-- Material supplied follows --

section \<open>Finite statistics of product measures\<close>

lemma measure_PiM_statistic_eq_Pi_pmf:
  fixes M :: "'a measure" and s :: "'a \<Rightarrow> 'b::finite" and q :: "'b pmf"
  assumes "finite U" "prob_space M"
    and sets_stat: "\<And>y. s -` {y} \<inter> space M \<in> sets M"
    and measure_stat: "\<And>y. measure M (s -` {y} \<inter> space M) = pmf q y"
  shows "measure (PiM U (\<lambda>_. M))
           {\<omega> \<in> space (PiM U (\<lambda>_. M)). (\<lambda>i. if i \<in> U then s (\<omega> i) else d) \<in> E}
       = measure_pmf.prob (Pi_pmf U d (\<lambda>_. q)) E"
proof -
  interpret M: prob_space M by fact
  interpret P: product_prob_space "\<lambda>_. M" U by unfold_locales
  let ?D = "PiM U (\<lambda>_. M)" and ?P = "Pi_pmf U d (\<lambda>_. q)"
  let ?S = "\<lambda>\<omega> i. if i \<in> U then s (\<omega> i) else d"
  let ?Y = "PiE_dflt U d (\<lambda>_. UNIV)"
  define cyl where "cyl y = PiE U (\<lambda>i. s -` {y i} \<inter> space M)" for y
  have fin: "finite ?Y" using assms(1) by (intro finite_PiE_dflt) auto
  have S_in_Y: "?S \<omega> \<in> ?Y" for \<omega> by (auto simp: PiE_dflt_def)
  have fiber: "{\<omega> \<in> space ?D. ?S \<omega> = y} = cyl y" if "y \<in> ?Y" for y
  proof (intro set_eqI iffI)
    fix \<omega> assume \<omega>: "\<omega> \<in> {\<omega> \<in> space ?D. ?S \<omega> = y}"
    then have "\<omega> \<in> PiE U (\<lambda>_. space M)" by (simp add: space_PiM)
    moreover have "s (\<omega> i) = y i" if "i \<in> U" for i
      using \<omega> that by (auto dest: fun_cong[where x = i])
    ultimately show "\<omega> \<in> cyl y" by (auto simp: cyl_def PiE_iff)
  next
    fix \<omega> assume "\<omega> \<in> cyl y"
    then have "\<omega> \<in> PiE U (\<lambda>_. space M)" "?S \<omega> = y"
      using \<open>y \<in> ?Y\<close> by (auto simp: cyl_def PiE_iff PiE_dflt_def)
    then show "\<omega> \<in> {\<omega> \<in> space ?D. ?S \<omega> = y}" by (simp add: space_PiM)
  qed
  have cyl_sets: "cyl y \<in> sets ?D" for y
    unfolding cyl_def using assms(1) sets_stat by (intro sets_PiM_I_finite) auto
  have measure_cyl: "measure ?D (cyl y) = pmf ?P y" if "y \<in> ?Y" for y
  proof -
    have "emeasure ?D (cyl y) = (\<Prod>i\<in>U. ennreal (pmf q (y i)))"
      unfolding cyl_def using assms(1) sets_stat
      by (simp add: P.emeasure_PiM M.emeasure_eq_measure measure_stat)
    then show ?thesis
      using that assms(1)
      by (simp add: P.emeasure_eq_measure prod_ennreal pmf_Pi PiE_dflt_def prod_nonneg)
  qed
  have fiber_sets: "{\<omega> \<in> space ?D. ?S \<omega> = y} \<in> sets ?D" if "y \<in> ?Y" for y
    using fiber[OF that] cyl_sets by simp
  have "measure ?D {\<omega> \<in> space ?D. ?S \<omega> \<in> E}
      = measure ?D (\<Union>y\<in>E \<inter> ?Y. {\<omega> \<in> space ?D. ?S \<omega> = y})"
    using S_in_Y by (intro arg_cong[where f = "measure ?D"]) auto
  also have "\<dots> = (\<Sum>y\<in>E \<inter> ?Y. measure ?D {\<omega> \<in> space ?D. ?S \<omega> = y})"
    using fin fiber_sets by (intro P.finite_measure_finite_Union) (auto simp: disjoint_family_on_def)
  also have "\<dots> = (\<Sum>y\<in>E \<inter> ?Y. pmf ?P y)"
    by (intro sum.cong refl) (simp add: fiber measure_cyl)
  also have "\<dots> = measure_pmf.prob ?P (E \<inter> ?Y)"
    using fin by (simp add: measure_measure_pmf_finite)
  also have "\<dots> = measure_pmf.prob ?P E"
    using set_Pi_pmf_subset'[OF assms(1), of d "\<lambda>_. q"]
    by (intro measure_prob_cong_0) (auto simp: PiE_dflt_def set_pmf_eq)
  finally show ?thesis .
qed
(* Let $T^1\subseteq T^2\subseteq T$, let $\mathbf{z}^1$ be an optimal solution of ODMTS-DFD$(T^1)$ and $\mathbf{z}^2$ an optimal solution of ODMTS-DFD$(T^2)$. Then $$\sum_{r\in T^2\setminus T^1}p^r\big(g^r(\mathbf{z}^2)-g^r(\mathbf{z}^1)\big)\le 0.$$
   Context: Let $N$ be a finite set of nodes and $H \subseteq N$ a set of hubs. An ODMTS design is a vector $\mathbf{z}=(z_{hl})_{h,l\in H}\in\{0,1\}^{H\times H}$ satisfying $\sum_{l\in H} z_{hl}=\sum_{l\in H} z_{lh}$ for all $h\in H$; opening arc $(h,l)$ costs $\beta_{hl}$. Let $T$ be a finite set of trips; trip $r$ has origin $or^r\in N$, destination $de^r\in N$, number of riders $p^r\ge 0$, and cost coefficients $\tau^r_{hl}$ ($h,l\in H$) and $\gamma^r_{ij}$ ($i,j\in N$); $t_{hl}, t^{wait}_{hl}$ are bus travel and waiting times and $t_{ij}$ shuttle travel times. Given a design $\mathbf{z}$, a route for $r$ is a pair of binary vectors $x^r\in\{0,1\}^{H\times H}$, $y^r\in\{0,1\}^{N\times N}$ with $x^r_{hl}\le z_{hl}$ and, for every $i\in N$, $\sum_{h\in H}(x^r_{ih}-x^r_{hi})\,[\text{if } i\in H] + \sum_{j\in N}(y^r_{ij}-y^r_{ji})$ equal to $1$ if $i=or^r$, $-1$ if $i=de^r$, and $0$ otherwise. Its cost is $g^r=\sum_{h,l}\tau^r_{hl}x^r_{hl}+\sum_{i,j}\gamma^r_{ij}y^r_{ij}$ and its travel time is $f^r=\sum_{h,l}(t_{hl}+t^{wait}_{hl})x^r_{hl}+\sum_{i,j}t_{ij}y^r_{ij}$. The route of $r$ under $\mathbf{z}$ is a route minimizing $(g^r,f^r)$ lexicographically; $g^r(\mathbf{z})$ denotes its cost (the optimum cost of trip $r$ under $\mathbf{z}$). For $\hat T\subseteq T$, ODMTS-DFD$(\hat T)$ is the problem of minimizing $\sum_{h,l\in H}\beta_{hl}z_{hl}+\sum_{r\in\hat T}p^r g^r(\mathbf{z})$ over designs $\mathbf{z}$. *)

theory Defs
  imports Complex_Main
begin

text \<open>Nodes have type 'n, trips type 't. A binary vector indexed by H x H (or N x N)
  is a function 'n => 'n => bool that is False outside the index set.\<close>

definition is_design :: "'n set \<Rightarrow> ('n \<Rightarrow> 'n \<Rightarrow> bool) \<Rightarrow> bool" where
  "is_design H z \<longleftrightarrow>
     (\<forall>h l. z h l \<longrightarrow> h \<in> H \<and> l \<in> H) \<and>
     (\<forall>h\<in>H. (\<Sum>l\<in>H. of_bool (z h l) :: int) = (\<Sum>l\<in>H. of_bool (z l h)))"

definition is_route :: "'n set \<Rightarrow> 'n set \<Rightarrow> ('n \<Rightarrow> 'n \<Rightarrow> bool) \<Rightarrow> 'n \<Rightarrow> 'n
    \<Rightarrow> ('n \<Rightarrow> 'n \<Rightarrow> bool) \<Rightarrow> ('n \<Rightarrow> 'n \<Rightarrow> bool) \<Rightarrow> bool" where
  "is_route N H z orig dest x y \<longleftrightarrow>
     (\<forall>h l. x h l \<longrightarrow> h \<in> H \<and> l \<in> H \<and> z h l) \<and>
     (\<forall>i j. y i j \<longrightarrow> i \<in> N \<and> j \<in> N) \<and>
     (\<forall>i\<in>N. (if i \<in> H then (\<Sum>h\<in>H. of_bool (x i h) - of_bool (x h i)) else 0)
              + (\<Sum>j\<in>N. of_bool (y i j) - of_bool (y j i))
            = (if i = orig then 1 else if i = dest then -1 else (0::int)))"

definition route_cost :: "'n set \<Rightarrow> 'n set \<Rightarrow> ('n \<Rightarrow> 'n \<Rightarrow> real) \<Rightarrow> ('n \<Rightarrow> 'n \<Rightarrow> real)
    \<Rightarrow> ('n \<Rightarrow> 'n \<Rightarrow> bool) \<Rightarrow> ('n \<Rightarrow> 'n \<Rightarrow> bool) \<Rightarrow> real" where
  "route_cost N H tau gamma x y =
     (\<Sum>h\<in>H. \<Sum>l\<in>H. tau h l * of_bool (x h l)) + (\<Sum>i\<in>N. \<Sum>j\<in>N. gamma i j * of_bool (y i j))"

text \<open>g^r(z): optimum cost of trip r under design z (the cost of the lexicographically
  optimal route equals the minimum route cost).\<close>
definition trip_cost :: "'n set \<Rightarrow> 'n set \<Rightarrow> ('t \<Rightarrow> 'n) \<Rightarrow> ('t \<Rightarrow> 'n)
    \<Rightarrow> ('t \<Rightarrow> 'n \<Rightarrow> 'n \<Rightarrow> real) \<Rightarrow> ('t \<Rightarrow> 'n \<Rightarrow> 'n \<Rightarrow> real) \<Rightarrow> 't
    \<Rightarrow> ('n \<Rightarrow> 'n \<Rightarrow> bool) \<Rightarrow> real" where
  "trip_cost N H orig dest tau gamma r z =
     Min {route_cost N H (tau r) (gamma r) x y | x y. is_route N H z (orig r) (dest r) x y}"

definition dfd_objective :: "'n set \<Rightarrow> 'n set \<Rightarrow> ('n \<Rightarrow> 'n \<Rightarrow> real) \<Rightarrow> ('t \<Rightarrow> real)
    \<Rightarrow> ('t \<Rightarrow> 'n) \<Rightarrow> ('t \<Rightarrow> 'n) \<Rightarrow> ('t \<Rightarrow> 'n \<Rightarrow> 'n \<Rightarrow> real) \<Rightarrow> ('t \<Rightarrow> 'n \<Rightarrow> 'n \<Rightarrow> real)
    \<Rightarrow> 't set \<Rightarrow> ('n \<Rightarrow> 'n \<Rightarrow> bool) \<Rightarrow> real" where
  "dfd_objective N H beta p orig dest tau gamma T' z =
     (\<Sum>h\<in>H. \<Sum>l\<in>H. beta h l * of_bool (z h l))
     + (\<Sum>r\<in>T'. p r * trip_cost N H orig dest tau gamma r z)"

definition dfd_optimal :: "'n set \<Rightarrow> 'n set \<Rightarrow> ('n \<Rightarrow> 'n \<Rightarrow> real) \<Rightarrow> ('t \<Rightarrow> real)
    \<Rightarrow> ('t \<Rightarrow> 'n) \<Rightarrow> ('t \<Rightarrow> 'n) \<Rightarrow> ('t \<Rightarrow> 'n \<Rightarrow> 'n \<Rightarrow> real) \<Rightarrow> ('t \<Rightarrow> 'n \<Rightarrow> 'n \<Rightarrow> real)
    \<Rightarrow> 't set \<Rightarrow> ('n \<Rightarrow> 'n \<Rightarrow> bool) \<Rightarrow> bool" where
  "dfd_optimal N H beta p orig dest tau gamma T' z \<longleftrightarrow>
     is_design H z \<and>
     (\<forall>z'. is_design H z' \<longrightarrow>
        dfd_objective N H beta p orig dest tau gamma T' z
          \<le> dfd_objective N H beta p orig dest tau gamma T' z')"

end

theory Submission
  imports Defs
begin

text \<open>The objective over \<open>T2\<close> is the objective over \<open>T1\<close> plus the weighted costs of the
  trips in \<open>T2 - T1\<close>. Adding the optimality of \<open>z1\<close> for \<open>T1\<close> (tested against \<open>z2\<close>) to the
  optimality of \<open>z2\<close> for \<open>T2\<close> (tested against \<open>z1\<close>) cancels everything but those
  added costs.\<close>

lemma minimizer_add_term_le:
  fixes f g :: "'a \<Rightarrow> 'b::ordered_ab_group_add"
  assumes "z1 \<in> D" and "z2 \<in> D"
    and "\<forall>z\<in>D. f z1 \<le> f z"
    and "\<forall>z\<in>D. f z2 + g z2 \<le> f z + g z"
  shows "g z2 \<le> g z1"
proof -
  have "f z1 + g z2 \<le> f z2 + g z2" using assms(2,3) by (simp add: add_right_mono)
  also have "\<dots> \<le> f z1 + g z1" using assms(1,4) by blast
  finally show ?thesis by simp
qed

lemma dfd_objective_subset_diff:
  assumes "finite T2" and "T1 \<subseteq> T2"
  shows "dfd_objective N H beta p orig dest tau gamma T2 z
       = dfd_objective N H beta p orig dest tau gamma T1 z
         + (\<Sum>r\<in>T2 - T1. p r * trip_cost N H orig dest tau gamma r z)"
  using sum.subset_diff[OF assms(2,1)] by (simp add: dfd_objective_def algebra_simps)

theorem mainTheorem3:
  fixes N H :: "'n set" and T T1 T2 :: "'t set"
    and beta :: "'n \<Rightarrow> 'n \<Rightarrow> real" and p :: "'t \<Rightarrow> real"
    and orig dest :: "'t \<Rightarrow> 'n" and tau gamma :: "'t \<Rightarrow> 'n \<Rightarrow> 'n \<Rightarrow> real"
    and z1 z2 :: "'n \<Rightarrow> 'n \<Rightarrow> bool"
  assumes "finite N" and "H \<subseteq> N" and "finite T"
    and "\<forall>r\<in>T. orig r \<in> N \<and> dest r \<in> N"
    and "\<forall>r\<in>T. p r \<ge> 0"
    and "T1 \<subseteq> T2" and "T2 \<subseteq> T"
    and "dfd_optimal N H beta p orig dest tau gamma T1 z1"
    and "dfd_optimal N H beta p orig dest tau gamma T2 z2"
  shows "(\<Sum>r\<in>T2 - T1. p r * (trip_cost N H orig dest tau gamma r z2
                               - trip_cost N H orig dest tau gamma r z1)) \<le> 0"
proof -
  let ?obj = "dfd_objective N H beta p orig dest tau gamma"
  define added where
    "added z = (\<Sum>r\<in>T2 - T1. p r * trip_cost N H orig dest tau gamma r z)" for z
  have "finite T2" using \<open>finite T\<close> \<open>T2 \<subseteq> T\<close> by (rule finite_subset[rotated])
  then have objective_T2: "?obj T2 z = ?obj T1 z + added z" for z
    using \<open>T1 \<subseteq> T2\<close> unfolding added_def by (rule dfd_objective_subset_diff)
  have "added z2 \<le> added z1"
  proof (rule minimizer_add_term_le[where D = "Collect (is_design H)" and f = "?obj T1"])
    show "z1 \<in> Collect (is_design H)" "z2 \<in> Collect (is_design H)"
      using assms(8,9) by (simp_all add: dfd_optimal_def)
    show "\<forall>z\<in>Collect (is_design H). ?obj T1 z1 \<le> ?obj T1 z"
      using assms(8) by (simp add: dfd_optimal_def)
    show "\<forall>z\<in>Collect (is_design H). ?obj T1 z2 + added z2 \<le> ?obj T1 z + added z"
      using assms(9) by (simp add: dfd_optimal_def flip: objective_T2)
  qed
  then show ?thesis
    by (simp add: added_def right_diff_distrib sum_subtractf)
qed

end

-- Material supplied concluded --

→ Work instruction
In the entries above, find each line with the word "lemma" and return it.

→ Response area
lemma measure_PiM_statistic_eq_Pi_pmf:
lemma minimizer_add_term_le:
lemma dfd_objective_subset_diff:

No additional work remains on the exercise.